On the porch he cocked his head. The sounds were coming from the yard, maybe the woods beyond. Maybe it wasn’t the girl at all. Then he saw the gray PVC pipe standing in the middle of the field. That was where it was coming from. The vent pipe carried not just the girl’s exhalations but her cries as well.

She had a set of lungs on her. By now you’d think she would have given up.

He was grateful she was buried so deep.

When Dragomir had first come up with the idea of putting her in the ground, it seemed a stroke of pure genius. After all, the Client’s intelligence had turned up a psychiatrist’s file indicating the target was afflicted with a debilitating claustrophobia.

Of course, the terror of being buried alive was deep-seated and universal and held a coercive power far beyond any conventional kidnapping technique.

But that wasn’t his real reason.

Buried ten feet down she was safely beyond his reach.

If the girl had been under his direct control and easily accessible, like some irresistible pastry in the refrigerator, he wouldn’t have been able to restrain himself from doing things to her. He would rape her and kill her as he’d done to so many other pretty young women. He’d never have been able to stop the impulse. That wouldn’t do at all.

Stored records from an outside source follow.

lemma D0_subgroup: "subgroup (D0 n \<rho>) (UT n \<rho> :: ('a::field mat \<times> 'a mat) monoid)"
proof (rule group.subgroupI[OF group_UT])
  show "D0 n \<rho> \<subseteq> carrier (UT n \<rho> :: ('a mat \<times> 'a mat) monoid)"
    unfolding D0_eq using diag_cobound_in_UT by blast
  have "diag_cobound n \<rho> (\<lambda>_. 1 :: 'a) \<in> D0 n \<rho>" unfolding D0_eq by auto
  then show "D0 n \<rho> \<noteq> ({} :: ('a mat \<times> 'a mat) set)" by blast
next
  fix x :: "'a mat \<times> 'a mat"
  assume "x \<in> D0 n \<rho>"
  then obtain d where x: "x = diag_cobound n \<rho> d" and d: "nowhere_zero n d" unfolding D0_eq by blast
  have inv_d: "nowhere_zero n (\<lambda>i. inverse (d i))" using d by simp
  have "diag_cobound n \<rho> (\<lambda>i. inverse (d i)) \<otimes>\<^bsub>UT n \<rho>\<^esub> x = diag_cobound n \<rho> (\<lambda>i. d i * inverse (d i))"
    unfolding x by (rule diag_cobound_mult[OF inv_d])
  also have "\<dots> = \<one>\<^bsub>UT n \<rho>\<^esub>"
    using d diag_cobound_cong[of "\<lambda>i. d i * inverse (d i)" "\<lambda>_. 1"] diag_cobound_one by simp
  finally have "diag_cobound n \<rho> (\<lambda>i. inverse (d i)) \<otimes>\<^bsub>UT n \<rho>\<^esub> x = \<one>\<^bsub>UT n \<rho>\<^esub>" .
  moreover have "x \<in> carrier (UT n \<rho>)" unfolding x by (rule diag_cobound_in_UT[OF d])
  ultimately have "inv\<^bsub>UT n \<rho>\<^esub> x = diag_cobound n \<rho> (\<lambda>i. inverse (d i))"
    using group.inv_equality[OF group_UT] diag_cobound_in_UT[OF inv_d] by blast
  then show "inv\<^bsub>UT n \<rho>\<^esub> x \<in> D0 n \<rho>" using inv_d unfolding D0_eq by blast
next
  fix x y :: "'a mat \<times> 'a mat"
  assume "x \<in> D0 n \<rho>" "y \<in> D0 n \<rho>"
  then obtain d e where xy: "x = diag_cobound n \<rho> e" "y = diag_cobound n \<rho> d"
    and e: "nowhere_zero n e" and d: "nowhere_zero n d" unfolding D0_eq by blast
  have "nowhere_zero n (\<lambda>i. d i * e i)" using d e by simp
  then show "x \<otimes>\<^bsub>UT n \<rho>\<^esub> y \<in> D0 n \<rho>"
    unfolding D0_eq xy diag_cobound_mult[OF e] by blast
qed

He recalled the puppy he’d been given as a boy, how much he loved its softness, its fragility. But how could you truly appreciate such fragility without crushing its tiny bones? Very nearly impossible to resist.

Burying her deep was like putting a lock on the refrigerator.

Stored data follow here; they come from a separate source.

lemma q_vandermonde:
  assumes "K \<ge> 0" "a \<ge> 0" "U \<ge> 0"
  shows "(\<Sum>i\<in>{0..U}. vandermonde_term K U a i)
       = qpoch q (K + U + a) * qinv q K * qinv q U * qinv q (K + a) * qinv q (U + a)"
proof -
  define R where "R N = qpoch q (K + int N + a) * qinv q K * qinv q (int N) * qinv q (K + a) * qinv q (int N + a)"
    for N :: nat
  obtain M where M: "U = int M" using \<open>U \<ge> 0\<close> nonneg_eq_int by blast
  have "(\<Sum>i\<le>M. vandermonde_term K (int M) a (int i)) = R M"
  proof (rule creative_telescoping[where G = "\<lambda>N i. vandermonde_telescoper K (int N + 1) a (int i)"])
    fix N i
    show "(1 - q powi (int N + 1)) * (1 - q powi (int N + 1 + a)) * vandermonde_term K (int (Suc N)) a (int i)
        - (1 - q powi (K + (int N + 1) + a)) * vandermonde_term K (int N) a (int i)
        = vandermonde_telescoper K (int N + 1) a (int (Suc i)) - vandermonde_telescoper K (int N + 1) a (int i)"
      using vandermonde_certificate[of "int N + 1" a K "int i"] by (simp add: add.commute)
    show "(1 - q powi (int N + 1)) * (1 - q powi (int N + 1 + a)) * R (Suc N)
        = (1 - q powi (K + (int N + 1) + a)) * R N"
    proof -
      have "qpoch q (K + int (Suc N) + a) = (1 - q powi (K + (int N + 1) + a)) * qpoch q (K + int N + a)"
        using qpoch_rec[of "K + (int N + 1) + a"] \<open>K \<ge> 0\<close> \<open>a \<ge> 0\<close> by (simp add: algebra_simps)
      moreover have "qinv q (int N) = (1 - q powi (int N + 1)) * qinv q (int (Suc N))"
        using qinv_pred[of "int N + 1"] by (simp add: add.commute)
      moreover have "qinv q (int N + a) = (1 - q powi (int N + 1 + a)) * qinv q (int (Suc N) + a)"
        using qinv_pred[of "int N + 1 + a"] by (simp add: algebra_simps)
      ultimately show ?thesis
        unfolding R_def by (simp only:) (simp add: algebra_simps)
    qed
    show "(1 - q powi (int N + 1)) * (1 - q powi (int N + 1 + a)) \<noteq> 0"
      using one_minus_powi_nonzero \<open>a \<ge> 0\<close> by simp
    show "vandermonde_term K (int 0) a (int 0) = R 0"
      using qpoch_qinv[of "K + a"] \<open>K \<ge> 0\<close> \<open>a \<ge> 0\<close>
      unfolding vandermonde_term_def R_def by (simp add: qinv_0 mult_ac)
  qed (auto simp: vandermonde_telescoper_def vandermonde_term_def qinv_neg)
  then show ?thesis
    unfolding M R_def sum_atMost_of_nat[where f = "vandermonde_term K (int M) a"] .
qed

definition saalschuetz_term :: "int \<Rightarrow> int \<Rightarrow> int \<Rightarrow> int \<Rightarrow> int \<Rightarrow> complex" where
  "saalschuetz_term L M N a i = q powi (i * i + a * i) * qpoch q (L + M + N + a - i)
     * qinv q (L - i) * qinv q (M - i) * qinv q (N - i) * qinv q i * qinv q (i + a)"

definition saalschuetz_telescoper :: "int \<Rightarrow> int \<Rightarrow> int \<Rightarrow> int \<Rightarrow> int \<Rightarrow> complex" where
  "saalschuetz_telescoper L M N a i = - (q powi (N - i)) * q powi (i * i + a * i) * qpoch q (L + M + N + a - i)
     * qinv q (L - i) * qinv q (M - i) * qinv q (N - i) * qinv q (i - 1) * qinv q (i + a - 1)"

He was listening so hard, with such fascination, to the mewling, faint as a radio station that hadn’t been fully tuned in, that he almost didn’t hear the far louder crunch of a car’s tires on the dirt road out front. If that was the neighbor again, still looking for his damned mongrel, he would have to do something about it finally.

Back in the house, he strode to the front and looked out the window. A police cruiser, dark blue with white lettering: PINE RIDGE POLICE.

He didn’t know the town even had its own police force.

A gawky young man got out and gazed at the house with apprehension. He couldn’t have been more than twenty-five. He was tall and scrawny with ears that stuck out like jug handles.

By the time the policeman rang the door buzzer, Dragomir was wearing a long brown mullet wig.

He suspected the policeman was here about the dog. He stood on the front porch, shifting his weight from foot to foot, his long spindly arms hanging awkwardly at his side.

“How’re you doing?” he said. “I’m Officer Kent. Could I ask you a few questions?”